Ireland’s economic future is now being decided by events far beyond our borders. Greek instability has warranted the unprecedented intervention by the International Monetary Fund to a member of the EU. A necessary evil of IMF intervention in domestic policy-making is the introduction of conditionality to every aspect of internal decision-making. The economic effects of conditional lending are now being felt on the streets of Greece.
The political consequences of conditional lending, however, are not always immediately obvious. IMF policies have in the past been accused of being insensitive to their social impact. When the burden of structural readjustment falls disproportionately to those who depend on social and public services, the upshot is civil unrest.
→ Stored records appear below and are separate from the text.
(* Let $r \geq 2$, let $\mathcal{F}$ be a collection of $r$-uniform hypergraphs, let $0<p<1$, let $\epsilon>0$, and let $c = c(p,\mathcal{F})$. Then there exist $\eta, \gamma, \lambda > 0$, an integer $m$ and $n_0$ (depending only on $\mathcal{F}, p, \epsilon$) such that the following holds. Let $V$ be a vertex set of size $n > n_0$ and let $\mathcal{A}$ be a collection of $r$-uniform hypergraphs on $V$ with $\mu_n(\mathcal{A}) > 2^{(-c+\epsilon)\binom{n}{r}}$. Let $\mathcal{D} = \{D_1,\ldots,D_d\}$ be a partial Steiner system with parameters $(r,m,n)$ on $V$ with $d \geq (1-\lambda)\binom{n}{r}\binom{m}{r}^{-1}$. Let \[ I = \{ i \in [d] : \mu_n(\{G \in \mathcal{A} : \mathcal{F} < G[D_i]\}) \geq \gamma\, \mu_n(\mathcal{A})\}. \] Then $|I| \geq \eta d$.
   Context: $G(k,p)$ denotes the random $r$-uniform hypergraph on $k$ labelled vertices in which each $r$-subset is an edge independently with probability $p$; for a collection $\mathcal{C}$ of $r$-uniform hypergraphs on a common $k$-vertex set, $\mu_k(\mathcal{C}) = \Pr[G(k,p) \in \mathcal{C}]$. The constant $c(p,\mathcal{F})$ is defined by $\Pr[G(n,p)$ has no induced subgraph isomorphic to a member of $\mathcal{F}] = 2^{(-c+o(1))\binom{n}{r}}$ as $n\to\infty$ (this limit exists). For a hypergraph $G$ and vertex subset $D$, $G[D]$ is the induced subhypergraph on $D$, and $\mathcal{F} < H$ means $H$ contains an induced subgraph isomorphic to a member of $\mathcal{F}$. A partial Steiner system with parameters $(r,m,n)$ on an $n$-set $V$ is a collection $\mathcal{D}$ of $m$-element subsets of $V$ such that every $r$-element subset of $V$ is contained in at most one member of $\mathcal{D}$. *)

theory Defs
  imports Complex_Main
begin

definition rsets :: "nat \<Rightarrow> 'v set \<Rightarrow> 'v set set" where
  "rsets r V = {S. S \<subseteq> V \<and> card S = r}"

definition hyps :: "nat \<Rightarrow> 'v set \<Rightarrow> 'v set set set" where
  "hyps r V = Pow (rsets r V)"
Like what is happening in Greece, governments feel that they have no other option but to limit civil liberties in the attempt to subdue social unrest that results from the stark structural adjustment prescribed by the IMF.
The reality of IMF participation in a country’s domestic affairs is potentially the decline of democratic practices. The concept of democracy, which comes from ancient Greek words for people (demos) and rule (cracy), hence democracy – “rule by the people” – is categorically undermined when the policy straitjacket of conditionality is worn. The chance to participate in sovereign decision-making is made redundant.
Aside from the IMF, the EU will probably introduce new budgetary rules in the near future which will require that all member states submit their budgets for prior approval.
The international financial crisis has given birth to a corrupted, traitorous definition of democracy.
We just don’t know that yet.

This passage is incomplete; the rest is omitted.